Editor: Today, we feature a mythology-based science fiction fantasy novel by Shiva Kumar, called An Awakening, Book 1 of the Lanka Chronicles. In this futuristic re-imagining of the Indian epic, The Ramayana, a tormented and soul-weary Dharma, leader of the Federation of Indian Planets, receives a secret message from a hidden planet. On board Maya1, the first sentient starship, Dharma sets out to rediscover the hidden planet Lanka hoping to reunite with his wife who disappeared 30 years earlier under mysterious circumstances. Perfect for fans of the Dune saga, The Expanse and Raised by Wolves. What were your inspirations for this book?

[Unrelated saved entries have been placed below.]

lemma surv_ge_of_avoid_below_tendsto_zero:
  assumes "1 \<le> b" "b < a" and avoid: "(\<lambda>k. avoid_below P b k a) \<longlonglongrightarrow> 0" and "0 < \<delta>"
  shows "\<forall>\<^sub>F (n, N) in sequentially \<times>\<^sub>F sequentially. (1 - \<delta>) * surv P N n b \<le> surv P N n a"
proof -
  obtain K where K: "avoid_below P b K a < \<delta>/2"
    using order_tendstoD(2)[OF avoid, of "\<delta>/2"] \<open>0 < \<delta>\<close> by (auto simp: eventually_sequentially)
  obtain N0 where N0: "\<And>N. N0 \<le> N \<Longrightarrow> 1 - avoid_below P b K a - \<delta>/2 \<le> hit_below P b N K a"
    using hit_below_approx[of a "\<delta>/2" b K] assms by (auto simp: eventually_sequentially)
  have "(1 - \<delta>) * surv P N n b \<le> surv P N n a" if "K \<le> n" "N0 \<le> N" for n N
  proof -
    have "(1 - \<delta>) * surv P N n b \<le> hit_below P b N K a * surv P N n b"
      using N0[OF that(2)] K surv_nonneg[of b N n] assms by (intro mult_right_mono) auto
    also have "\<dots> \<le> surv P N n a"
      using hit_below_mult_surv_le assms that by simp
    finally show ?thesis .
  qed
  then show ?thesis
    unfolding eventually_prod_sequentially by (intro exI[of _ "max K N0"]) auto
qed

text \<open>Otherwise, by monotonicity, no state \<open>\<ge> x\<close> could ever step into \<open>{1..x}\<close>.\<close>
lemma sum_P_atMost_self_pos:
  assumes "irreducible_kernel P" "1 \<le> x"
  shows "0 < (\<Sum>z\<in>{1..x}. P x z)"
proof (rule ccontr)
  assume not_pos: "\<not> ?thesis"
  have zero: "P x' z = 0" if "x \<le> x'" "1 \<le> z" "z \<le> x" for x' z
  proof -
    have "P x' z \<le> (\<Sum>z\<in>{1..x}. P x' z)"
      using that assms P_nonneg by (intro member_le_sum) auto
    also have "\<dots> \<le> (\<Sum>z\<in>{1..x}. P x z)"
      using P_mono that assms by simp
    finally show ?thesis
      using not_pos P_nonneg[of x' z] that assms by linarith
  qed
  have "x < 1"
  proof (rule irreducible_invariant[OF assms(1), of "\<lambda>w. x < w" "Suc x"])
    fix v w
    assume "1 \<le> v" "1 \<le> w" "0 < P v w" "x < v"
    then show "x < w"
      using zero[of v w] by fastforce
  qed (use assms in auto)
  with assms show False by simp
qed

lemma surv_pos:
  assumes "irreducible_kernel P" "1 \<le> y" "y < N"
  shows "0 < surv P N n y"
proof -
  define p where "p = (\<Sum>z\<in>{1..<N}. P (N - 1) z)"
  have "{1..<N} = {1..N - 1}" by auto
  then have p: "0 < p"
    unfolding p_def using sum_P_atMost_self_pos[OF assms(1), of "N - 1"] assms by simp
  have "p ^ n \<le> surv P N n (N - 1)"
  proof (induction n)
    case 0
    then show ?case using assms by simp
  next
    case (Suc n)
    have "p ^ Suc n \<le> p * surv P N n (N - 1)"
      using Suc p by simp
    also have "\<dots> = (\<Sum>z\<in>{1..<N}. P (N - 1) z * surv P N n (N - 1))"
      by (simp add: p_def sum_distrib_right)
    also have "\<dots> \<le> (\<Sum>z\<in>{1..<N}. P (N - 1) z * surv P N n z)"
      using assms by (intro sum_mono mult_left_mono surv_antimono P_nonneg) auto
    also have "\<dots> = surv P N (Suc n) (N - 1)"
      using assms by simp
    finally show ?case .
  qed
  moreover have "surv P N n (N - 1) \<le> surv P N n y"
    using assms by (intro surv_antimono) auto
  ultimately show ?thesis
    using p by (meson order_less_le_trans zero_less_power)
qed

lemma eventually_surv_pos:
  assumes "irreducible_kernel P" "1 \<le> y"
  shows "\<forall>\<^sub>F (n, N) in sequentially \<times>\<^sub>F sequentially. 0 < surv P N n y"
  unfolding eventually_prod_sequentially
  using surv_pos[OF assms] by (intro exI[of _ "Suc y"]) auto

end

locale stoch_kernel_stationary = stoch_kernel +
  fixes \<pi> :: "nat \<Rightarrow> real"
  assumes \<pi>_pos: "\<And>i. 1 \<le> i \<Longrightarrow> 0 < \<pi> i"
    and \<pi>_has_sum: "(\<pi> has_sum 1) {1..}"
    and \<pi>_stationary: "\<And>j. 1 \<le> j \<Longrightarrow> ((\<lambda>i. \<pi> i * P i j) has_sum \<pi> j) {1..}"
begin

lemma \<pi>_mult_summable:
  assumes f: "\<And>w. 1 \<le> w \<Longrightarrow> 0 \<le> f w \<and> f w \<le> 1"
  shows "(\<lambda>w. \<pi> w * f w) summable_on {1..}"
  by (rule summable_on_comparison_test[OF has_sum_imp_summable[OF \<pi>_has_sum]])
     (use f \<pi>_pos in \<open>auto intro: mult_left_le mult_nonneg_nonneg less_imp_le\<close>)

lemma infsum_\<pi>_mult_bounds:
  assumes f: "\<And>w. 1 \<le> w \<Longrightarrow> 0 \<le> f w \<and> f w \<le> 1"
  shows "0 \<le> (\<Sum>\<^sub>\<infinity>w\<in>{1..}. \<pi> w * f w) \<and> (\<Sum>\<^sub>\<infinity>w\<in>{1..}. \<pi> w * f w) \<le> 1"
proof
  show "0 \<le> (\<Sum>\<^sub>\<infinity>w\<in>{1..}. \<pi> w * f w)"
    using f \<pi>_pos by (intro infsum_nonneg) (auto intro: mult_nonneg_nonneg less_imp_le)
  have "(\<Sum>\<^sub>\<infinity>w\<in>{1..}. \<pi> w * f w) \<le> (\<Sum>\<^sub>\<infinity>w\<in>{1..}. \<pi> w)"
    using f \<pi>_pos \<pi>_mult_summable[OF f] has_sum_imp_summable[OF \<pi>_has_sum]
    by (intro infsum_mono) (auto intro: mult_left_le less_imp_le)
  also have "\<dots> = 1"
    using \<pi>_has_sum by (rule infsumI)
  finally show "(\<Sum>\<^sub>\<infinity>w\<in>{1..}. \<pi> w * f w) \<le> 1" .
qed

lemma infsum_\<pi>_kernel_apply_le:
  assumes f: "\<And>w. 1 \<le> w \<Longrightarrow> 0 \<le> f w \<and> f w \<le> 1"
  shows "(\<Sum>\<^sub>\<infinity>x\<in>{1..}. \<pi> x * kernel_apply P f x) \<le> (\<Sum>\<^sub>\<infinity>w\<in>{1..}. \<pi> w * f w)"
proof (rule infsum_le_finite_sums)
  show "(\<lambda>x. \<pi> x * kernel_apply P f x) summable_on {1..}"
    using \<pi>_mult_summable[of "kernel_apply P f"] kernel_apply_bounds f by blast
next
  fix X :: "nat set"
  assume X: "finite X" "X \<subseteq> {1..}"
  have "((\<lambda>w. \<Sum>x\<in>X. \<pi> x * (P x w * f w)) has_sum (\<Sum>x\<in>X. \<pi> x * kernel_apply P f x)) {1..}"
    unfolding kernel_apply_def using X f
    by (intro has_sum_sum_fun has_sum_cmult_right has_sum_infsum kernel_apply_summable) auto
  moreover have "((\<lambda>w. \<pi> w * f w) has_sum (\<Sum>\<^sub>\<infinity>w\<in>{1..}. \<pi> w * f w)) {1..}"
    using \<pi>_mult_summable[OF f] by simp
  moreover have "(\<Sum>x\<in>X. \<pi> x * (P x w * f w)) \<le> \<pi> w * f w" if "w \<in> {1..}" for w
  proof -
    have "(\<Sum>x\<in>X. \<pi> x * P x w) \<le> \<pi> w"
      using that X \<pi>_pos P_nonneg
      by (intro finite_sum_le_has_sum[OF \<pi>_stationary]) (auto intro!: mult_nonneg_nonneg intro: less_imp_le)
    moreover have "(\<Sum>x\<in>X. \<pi> x * (P x w * f w)) = (\<Sum>x\<in>X. \<pi> x * P x w) * f w"
      by (simp add: sum_distrib_right mult.assoc)
    ultimately show ?thesis
      using f that by (simp add: mult_right_mono)
  qed
  ultimately show "(\<Sum>x\<in>X. \<pi> x * kernel_apply P f x) \<le> (\<Sum>\<^sub>\<infinity>w\<in>{1..}. \<pi> w * f w)"
    by (rule has_sum_mono)
qed

lemma avoid_below_decrement:
  "(\<Sum>x\<in>{1..b}. \<pi> x * kernel_apply P (avoid_below P b k) x)
     + (\<Sum>\<^sub>\<infinity>x\<in>{1..}. \<pi> x * avoid_below P b (Suc k) x)
   \<le> (\<Sum>\<^sub>\<infinity>x\<in>{1..}. \<pi> x * avoid_below P b k x)"
proof -
  define h where "h x = \<pi> x * kernel_apply P (avoid_below P b k) x" for x
  have "h summable_on {1..}"
    unfolding h_def using \<pi>_mult_summable kernel_apply_avoid_below_bounds by blast
  then have "h summable_on {Suc b..}"
    by (rule summable_on_subset) auto
  moreover have "{1..} = {1..b} \<union> {Suc b..}"
    by auto
  ultimately have "(\<Sum>\<^sub>\<infinity>x\<in>{1..}. h x) = (\<Sum>x\<in>{1..b}. h x) + (\<Sum>\<^sub>\<infinity>x\<in>{Suc b..}. h x)"
    using infsum_Un_disjoint[of h "{1..b}" "{Suc b..}"] by simp
  moreover have "(\<Sum>\<^sub>\<infinity>x\<in>{1..}. \<pi> x * avoid_below P b (Suc k) x) = (\<Sum>\<^sub>\<infinity>x\<in>{Suc b..}. h x)"
    by (rule infsum_cong_neutral) (auto simp: h_def)
  moreover have "(\<Sum>\<^sub>\<infinity>x\<in>{1..}. h x) \<le> (\<Sum>\<^sub>\<infinity>x\<in>{1..}. \<pi> x * avoid_below P b k x)"
    unfolding h_def using avoid_below_bounds by (intro infsum_\<pi>_kernel_apply_le) auto
  ultimately show ?thesis
    unfolding h_def by linarith
qed

lemma summable_avoid_below_decrement:
  "summable (\<lambda>k. \<Sum>x\<in>{1..b}. \<pi> x * kernel_apply P (avoid_below P b k) x)"
proof (rule summableI_nonneg_bounded)
  define A where "A k = (\<Sum>\<^sub>\<infinity>x\<in>{1..}. \<pi> x * avoid_below P b k x)" for k
  show "0 \<le> (\<Sum>x\<in>{1..b}. \<pi> x * kernel_apply P (avoid_below P b k) x)" for k
    using \<pi>_pos kernel_apply_avoid_below_bounds
    by (intro sum_nonneg mult_nonneg_nonneg) (auto intro: less_imp_le)
  have telescope: "(\<Sum>k<n. \<Sum>x\<in>{1..b}. \<pi> x * kernel_apply P (avoid_below P b k) x) \<le> A 0 - A n" for n
  proof (induction n)
    case (Suc n)
    then show ?case using avoid_below_decrement[of b n] by (simp add: A_def)
  qed simp
  have A_bounds: "0 \<le> A k \<and> A k \<le> 1" for k
    unfolding A_def using infsum_\<pi>_mult_bounds avoid_below_bounds by blast
  show "(\<Sum>k<n. \<Sum>x\<in>{1..b}. \<pi> x * kernel_apply P (avoid_below P b k) x) \<le> 1" for n
    using telescope[of n] A_bounds[of 0] A_bounds[of n] by linarith
qed

lemma kernel_apply_avoid_below_tendsto_zero:
  assumes "x \<in> {1..b}"
  shows "(\<lambda>k. kernel_apply P (avoid_below P b k) x) \<longlonglongrightarrow> 0"
proof -
  define d where "d k = (\<Sum>x\<in>{1..b}. \<pi> x * kernel_apply P (avoid_below P b k) x)" for k
  have "0 < \<pi> x"
    using assms \<pi>_pos by simp
  have nonneg: "0 \<le> kernel_apply P (avoid_below P b k) y" if "1 \<le> y" for k y
    using kernel_apply_avoid_below_bounds[OF that] by blast
  have weighted: "kernel_apply P (avoid_below P b k) x * \<pi> x \<le> d k" for k
    unfolding d_def mult.commute[of _ "\<pi> x"] using assms
  proof (intro member_le_sum)
    fix y
    assume "y \<in> {1..b} - {x}"
    then show "0 \<le> \<pi> y * kernel_apply P (avoid_below P b k) y"
      using \<pi>_pos[of y] nonneg[of y k] by simp
  qed auto
  then have "kernel_apply P (avoid_below P b k) x \<le> d k / \<pi> x" for k
    by (simp add: pos_le_divide_eq[OF \<open>0 < \<pi> x\<close>])
  then have upper: "\<forall>\<^sub>F k in sequentially. kernel_apply P (avoid_below P b k) x \<le> d k / \<pi> x"
    by simp
  have lower: "\<forall>\<^sub>F k in sequentially. 0 \<le> kernel_apply P (avoid_below P b k) x"
    using assms nonneg by simp
  have "(\<lambda>k. d k / \<pi> x) \<longlonglongrightarrow> 0"
    using tendsto_divide_zero[OF summable_LIMSEQ_zero[OF summable_avoid_below_decrement]]
    unfolding d_def .
  then show ?thesis
    by (rule tendsto_sandwich[OF lower upper tendsto_const])
qed

lemma avoid_below_tendsto_zero:
  assumes "irreducible_kernel P" "1 \<le> b" "1 \<le> a"
  shows "(\<lambda>k. avoid_below P b k a) \<longlonglongrightarrow> 0"
proof -
  define Q where "Q x \<longleftrightarrow> (\<lambda>k. kernel_apply P (avoid_below P b k) x) \<longlonglongrightarrow> 0" for x
  have Q_step: "Q w" if "1 \<le> x" "1 \<le> w" "0 < P x w" "Q x" for x w
  proof (cases "w \<le> b")
    case True
    then show ?thesis
      using kernel_apply_avoid_below_tendsto_zero[of w b] that unfolding Q_def by simp
  next
    case False
    have "(\<lambda>k. avoid_below P b (Suc k) w) \<longlonglongrightarrow> 0"
      using avoid_below_tendsto_zero_of_edge[OF that(1-3) that(4)[unfolded Q_def]] by (rule LIMSEQ_Suc)
    then show ?thesis
      unfolding Q_def using False by simp
  qed
  have "Q 1"
    using kernel_apply_avoid_below_tendsto_zero[of 1 b] assms unfolding Q_def by simp
  then have "Q a"
    using irreducible_invariant[OF assms(1), of Q 1 a] Q_step assms by blast
  then have "(\<lambda>k. avoid_below P b (Suc k) a) \<longlonglongrightarrow> 0"
    unfolding Q_def by (cases "a \<le> b") simp_all
  then show ?thesis
    by (rule LIMSEQ_imp_Suc)
qed

end

locale monotone_stationary_kernel =
  monotone_stoch_kernel P + stoch_kernel_stationary P \<pi>
  for P :: "nat \<Rightarrow> nat \<Rightarrow> real" and \<pi> :: "nat \<Rightarrow> real" +
  assumes irreducible: "irreducible_kernel P"
begin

Shiva: Well, I’ve had the last century of science fiction and fantasy books to draw from, stretching as far back as Jules Verne and Mary Shelly all the way to N.K. Jemisin and George R.R. Martin. But Frank Herbert’s Dune was one of my main inspirations. What I admired about Dune and what I’m hoping will reflect in some small way in my story, is that Dune depicts a very technologically advanced, futuristic society and pits it against a very ancient, holistic, spiritual, and rustic community. It is epic, profound, massive, and yet tightly focused on the human experience.

The mythology underlying An Awakening is one of the oldest epics existing in the entire South Asian world. The Ramayana or variations of it are known literally from Japan all the way down to Australia. I would venture to say this 5000-year-old epic is as well-known in the Asian world as The Odyssey and The Iliad are in the Western world.

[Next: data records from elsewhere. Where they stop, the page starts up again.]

text \<open>Summing over \<open>l\<close> with the binomial theorem expresses \<open>P_m\<close> in powers of
  \<open>2(a+1)\<close>; this is the form in which it arises from the integral.\<close>

lemma P_poly_shifted:
  "P_poly m a = (1 / 4^m) *
     (\<Sum>k\<le>m. real ((2*m-2*k) choose (m-k)) * real ((m+k) choose m) * (2*(a+1))^k)"
proof -
  let ?g = "\<lambda>k. 2^k * real ((2*m-2*k) choose (m-k)) * real ((m+k) choose m)"
  have coef: "of_rat (d_coef l m) = (1/4^m) * (\<Sum>k\<le>m. ?g k * real (k choose l))" for l
  proof -
    have "of_rat (d_coef l m) = (1/4^m) * (\<Sum>k=l..m. ?g k * real (k choose l))"
      unfolding d_coef_def by (simp add: of_rat_sum of_rat_mult of_rat_divide of_rat_power power_mult)
    also have "(\<Sum>k=l..m. ?g k * real (k choose l)) = (\<Sum>k\<le>m. ?g k * real (k choose l))"
      by (rule sum.mono_neutral_left) auto
    finally show ?thesis .
  qed
  have binom: "(\<Sum>l\<le>m. real (k choose l) * a^l) = (a+1)^k" if "k \<le> m" for k
  proof -
    have "(\<Sum>l\<le>m. real (k choose l) * a^l) = (\<Sum>l\<le>k. real (k choose l) * a^l)"
      using that by (intro sum.mono_neutral_right) auto
    also have "\<dots> = (a+1)^k" by (simp add: binomial_ring)
    finally show ?thesis .
  qed
  have "P_poly m a = (1/4^m) * (\<Sum>l\<le>m. \<Sum>k\<le>m. ?g k * (real (k choose l) * a^l))"
    unfolding P_poly_def atLeast0AtMost coef
    by (simp add: sum_distrib_left sum_distrib_right mult.assoc)
  also have "\<dots> = (1/4^m) * (\<Sum>k\<le>m. ?g k * (\<Sum>l\<le>m. real (k choose l) * a^l))"
    by (subst sum.swap) (simp add: sum_distrib_left)
  also have "\<dots> = (1/4^m) * (\<Sum>k\<le>m. ?g k * (a+1)^k)"
    using binom by simp
  also have "\<dots> = (1 / 4^m) *
     (\<Sum>k\<le>m. real ((2*m-2*k) choose (m-k)) * real ((m+k) choose m) * (2*(a+1))^k)"
    by (simp only: power_mult_distrib mult_ac)
  finally show ?thesis .
qed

Archetypal mythologies such as The Ramayana continue to resonate because every time they’re told, the politics, economics, culture, and spirituality at the time of its dissemination, informs the re-telling. So, based on our world in the 21st century, I wondered how I would reimagine that ancient story today?

Editor: Was your thinking as simple as, take The Ramayana, and set it in space, or was it more nuanced than that?

Shiva: The simple answer is yes. I’ve always believed these ancient stories The Ramayana and The Mahabharata could be told from a science fiction
and fantasy perspective. These ancient epics are complicated, magical, fantastic, brutal, full of politics, war, sex, human emotion, and treachery. Regardless of the genre trappings, any story connects when it explores the human experience.

Editor: With this reimagining of a classic, what do you hope readers walk away with?

Shiva: In The Ramayana, Rama wages a great battle against the demon king Ravana who has kidnapped his wife, Sita. Rama recruits bears, monkeys, and birds into his army. He defeats Ravana and wins his wife back. But once she’s back, he rejects her, worried about what his subjects might say about his wife’s purported infidelity. I always found that aspect of the myth very problematic.

I started wondering, if Rama lived into his sixties and looked back on his life, would he be ashamed of his actions? Would he not want to atone for his heinous acts? So that’s where I start my story. My hero, called Dharma in my story, struggles with constant nightmares because he is unable to justify his past actions. So, he must go back to the planet Lanka to find his wife, and if she’s still there, beg her for forgiveness.

Editor: I like that angle of bringing wisdom to one’s actions as a youth. So, An Awakening is book one of a trilogy. Do you have the whole series planned out already?

Shiva: Starting in 2015 I had laid out the entire arc of the three books. Book one is called An Awakening. Book two is called A New Reality, and book three is called A Path of Destiny.

In the original mythology, when Rama accuses his wife Sita of infidelity, she decides to prove her purity by stepping into a sacrificial fire. The fire does not burn her. But she’s so angry at this accusation, that the person who emerges out of the fire is not Sita but a facsimile, a replica called Maya. Maya means illusion in Sanskrit. So, an illusory Sita comes out of the fire, but the real Sita disappears. In my story, for good reason, Maya is the name of the sentient spaceship who is also the narrator of my story.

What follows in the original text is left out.